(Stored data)
------------

(* Let $G$ be a $k$-minor-critical graph. Then for every separation $(A,B)$ of $G$, the induced subgraph $G[A\cap B]$ is not a split graph; equivalently, $G[A\cap B]$ contains $C_4$, $C_5$ or $2K_2$ as an induced subgraph.
   Context: A graph $G$ is $k$-minor-critical if $\chi(G)=k$ and $\chi(H)<k$ for every minor $H$ of $G$ other than $G$ itself (a minor being obtained by edge deletions, edge contractions and vertex deletions). A separation of $G$ is a pair $(A,B)$ of subsets of $V(G)$ with $A\cup B=V(G)$, $A\setminus B\neq\emptyset$, $B\setminus A\neq\emptyset$, and no edge with one end in $A\setminus B$ and the other in $B\setminus A$. A split graph is a graph whose vertex set can be partitioned into a clique and an independent set (either possibly empty). *)

theory Defs
  imports Main
begin

type_synonym 'a graph = "'a set \<times> 'a set set"

definition verts :: "'a graph \<Rightarrow> 'a set" where "verts G = fst G"
definition edges :: "'a graph \<Rightarrow> 'a set set" where "edges G = snd G"

definition finite_simple_graph :: "'a graph \<Rightarrow> bool" where
  "finite_simple_graph G \<longleftrightarrow> finite (verts G) \<and>
     (\<forall>e\<in>edges G. e \<subseteq> verts G \<and> card e = 2)"

definition colourable :: "'a graph \<Rightarrow> nat \<Rightarrow> bool" where
  "colourable G n \<longleftrightarrow> (\<exists>f :: 'a \<Rightarrow> nat.
      (\<forall>v\<in>verts G. f v < n) \<and> (\<forall>u v. {u, v} \<in> edges G \<longrightarrow> u \<noteq> v \<longrightarrow> f u \<noteq> f v))"

definition chromatic_number :: "'a graph \<Rightarrow> nat" where
  "chromatic_number G = (LEAST n. colourable G n)"

definition delete_edge :: "'a graph \<Rightarrow> 'a set \<Rightarrow> 'a graph" where
  "delete_edge G e = (verts G, edges G - {e})"

definition delete_vertex :: "'a graph \<Rightarrow> 'a \<Rightarrow> 'a graph" where
  "delete_vertex G v = (verts G - {v}, {e \<in> edges G. v \<notin> e})"

definition contract_edge :: "'a graph \<Rightarrow> 'a \<Rightarrow> 'a \<Rightarrow> 'a graph" where
  "contract_edge G u v = (verts G - {v},
      {e \<in> edges G. v \<notin> e} \<union> {{u, w} | w. {v, w} \<in> edges G \<and> w \<noteq> u})"

definition minor_step :: "'a graph \<Rightarrow> 'a graph \<Rightarrow> bool" where
  "minor_step H G \<longleftrightarrow>
     (\<exists>e\<in>edges G. H = delete_edge G e) \<or>
     (\<exists>v\<in>verts G. H = delete_vertex G v) \<or>
     (\<exists>u v. {u, v} \<in> edges G \<and> u \<noteq> v \<and> H = contract_edge G u v)"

------------

Work to complete:
Determine how many lines of the data above contain the string "bool", and give the result with nothing else.

Written response:
3